__DATA SUPPLIED__
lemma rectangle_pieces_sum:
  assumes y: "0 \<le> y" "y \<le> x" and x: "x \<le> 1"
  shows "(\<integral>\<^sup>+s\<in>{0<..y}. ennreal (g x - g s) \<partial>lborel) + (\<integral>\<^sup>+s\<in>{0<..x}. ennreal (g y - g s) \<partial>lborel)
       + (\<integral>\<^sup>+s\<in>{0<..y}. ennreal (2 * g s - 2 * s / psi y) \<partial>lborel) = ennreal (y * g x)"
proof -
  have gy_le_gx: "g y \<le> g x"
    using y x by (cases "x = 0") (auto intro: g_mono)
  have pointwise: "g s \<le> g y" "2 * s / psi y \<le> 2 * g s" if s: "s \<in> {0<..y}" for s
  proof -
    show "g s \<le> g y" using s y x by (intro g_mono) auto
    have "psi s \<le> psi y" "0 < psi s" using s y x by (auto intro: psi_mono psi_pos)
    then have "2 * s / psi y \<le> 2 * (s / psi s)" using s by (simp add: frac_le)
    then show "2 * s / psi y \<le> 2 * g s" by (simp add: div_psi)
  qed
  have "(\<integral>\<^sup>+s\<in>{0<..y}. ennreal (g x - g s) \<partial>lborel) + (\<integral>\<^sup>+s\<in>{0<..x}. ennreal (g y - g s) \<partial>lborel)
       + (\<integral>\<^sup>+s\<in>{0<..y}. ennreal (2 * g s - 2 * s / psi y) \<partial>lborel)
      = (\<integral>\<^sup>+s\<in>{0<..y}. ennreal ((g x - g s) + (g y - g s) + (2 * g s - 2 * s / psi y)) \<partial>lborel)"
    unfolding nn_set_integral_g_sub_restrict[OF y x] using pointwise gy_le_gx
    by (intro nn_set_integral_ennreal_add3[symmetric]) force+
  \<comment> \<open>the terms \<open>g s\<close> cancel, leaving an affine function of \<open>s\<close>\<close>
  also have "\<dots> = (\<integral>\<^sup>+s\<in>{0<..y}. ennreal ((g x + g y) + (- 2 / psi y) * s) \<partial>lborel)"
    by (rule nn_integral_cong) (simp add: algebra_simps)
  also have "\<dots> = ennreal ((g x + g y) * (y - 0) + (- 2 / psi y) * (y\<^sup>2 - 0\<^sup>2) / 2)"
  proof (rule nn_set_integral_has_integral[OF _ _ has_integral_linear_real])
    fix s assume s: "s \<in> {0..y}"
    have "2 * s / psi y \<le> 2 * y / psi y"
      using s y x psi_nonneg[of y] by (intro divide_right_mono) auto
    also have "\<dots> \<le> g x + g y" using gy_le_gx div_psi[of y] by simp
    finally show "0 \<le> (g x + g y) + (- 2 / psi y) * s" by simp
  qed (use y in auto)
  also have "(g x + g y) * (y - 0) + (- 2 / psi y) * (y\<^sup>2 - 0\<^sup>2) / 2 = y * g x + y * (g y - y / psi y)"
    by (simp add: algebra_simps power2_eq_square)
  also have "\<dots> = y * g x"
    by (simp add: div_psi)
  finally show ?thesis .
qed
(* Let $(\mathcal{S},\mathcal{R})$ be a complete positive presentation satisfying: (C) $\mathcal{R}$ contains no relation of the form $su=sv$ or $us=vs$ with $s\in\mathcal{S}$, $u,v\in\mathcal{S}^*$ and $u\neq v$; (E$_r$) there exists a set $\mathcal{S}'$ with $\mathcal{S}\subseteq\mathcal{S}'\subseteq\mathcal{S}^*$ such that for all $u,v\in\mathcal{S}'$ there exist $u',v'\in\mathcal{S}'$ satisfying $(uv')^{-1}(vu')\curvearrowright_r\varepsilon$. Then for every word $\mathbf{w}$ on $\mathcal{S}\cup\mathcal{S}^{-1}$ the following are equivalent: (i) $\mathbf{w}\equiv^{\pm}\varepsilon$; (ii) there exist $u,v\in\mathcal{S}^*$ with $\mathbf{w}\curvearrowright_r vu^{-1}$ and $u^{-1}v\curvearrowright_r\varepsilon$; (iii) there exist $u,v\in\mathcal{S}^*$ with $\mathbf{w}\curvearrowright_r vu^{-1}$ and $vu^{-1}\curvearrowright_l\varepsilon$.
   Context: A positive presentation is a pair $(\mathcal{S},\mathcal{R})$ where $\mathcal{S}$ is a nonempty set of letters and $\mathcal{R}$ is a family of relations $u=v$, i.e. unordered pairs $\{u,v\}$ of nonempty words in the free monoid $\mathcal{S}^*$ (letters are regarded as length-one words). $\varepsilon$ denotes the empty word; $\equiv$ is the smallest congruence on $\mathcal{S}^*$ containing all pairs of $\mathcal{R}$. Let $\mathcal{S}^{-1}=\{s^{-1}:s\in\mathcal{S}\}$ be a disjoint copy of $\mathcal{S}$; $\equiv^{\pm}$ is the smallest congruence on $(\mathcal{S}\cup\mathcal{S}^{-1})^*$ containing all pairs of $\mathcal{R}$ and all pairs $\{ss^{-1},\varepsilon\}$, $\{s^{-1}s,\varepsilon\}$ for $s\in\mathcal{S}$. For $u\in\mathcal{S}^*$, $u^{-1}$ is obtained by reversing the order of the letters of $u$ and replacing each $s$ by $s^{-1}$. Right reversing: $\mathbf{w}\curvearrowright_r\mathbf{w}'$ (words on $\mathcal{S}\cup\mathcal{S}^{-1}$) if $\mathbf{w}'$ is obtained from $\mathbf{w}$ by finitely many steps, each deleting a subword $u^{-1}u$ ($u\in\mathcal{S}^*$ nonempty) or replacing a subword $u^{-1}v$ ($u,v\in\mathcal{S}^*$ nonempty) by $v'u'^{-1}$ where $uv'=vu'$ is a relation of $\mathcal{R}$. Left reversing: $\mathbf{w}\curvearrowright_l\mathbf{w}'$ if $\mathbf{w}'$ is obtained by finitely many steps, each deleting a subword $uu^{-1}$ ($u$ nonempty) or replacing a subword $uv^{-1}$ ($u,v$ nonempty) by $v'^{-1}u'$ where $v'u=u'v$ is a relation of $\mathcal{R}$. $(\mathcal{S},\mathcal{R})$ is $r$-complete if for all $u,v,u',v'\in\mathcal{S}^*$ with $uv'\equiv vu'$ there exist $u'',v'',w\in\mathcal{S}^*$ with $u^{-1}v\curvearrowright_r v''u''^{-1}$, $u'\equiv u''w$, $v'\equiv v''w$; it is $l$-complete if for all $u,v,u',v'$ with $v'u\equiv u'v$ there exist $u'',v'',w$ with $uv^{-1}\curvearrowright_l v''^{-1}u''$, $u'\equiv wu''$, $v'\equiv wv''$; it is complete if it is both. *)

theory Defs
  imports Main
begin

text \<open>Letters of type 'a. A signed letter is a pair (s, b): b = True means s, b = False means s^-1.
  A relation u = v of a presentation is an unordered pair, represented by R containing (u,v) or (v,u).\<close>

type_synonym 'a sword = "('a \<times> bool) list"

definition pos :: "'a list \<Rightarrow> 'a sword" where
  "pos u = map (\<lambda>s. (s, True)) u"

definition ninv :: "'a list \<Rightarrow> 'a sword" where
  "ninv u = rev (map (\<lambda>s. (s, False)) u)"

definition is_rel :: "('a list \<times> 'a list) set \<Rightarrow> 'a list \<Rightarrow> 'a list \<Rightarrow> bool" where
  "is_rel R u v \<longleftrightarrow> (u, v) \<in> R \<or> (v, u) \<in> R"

__TASK DIRECTIONS__
Go through the listing above and return each line where the word "rule" occurs.

__REPLY TO THE TASK__
    by (rule nn_integral_cong) (simp add: algebra_simps)
  proof (rule nn_set_integral_has_integral[OF _ _ has_integral_linear_real])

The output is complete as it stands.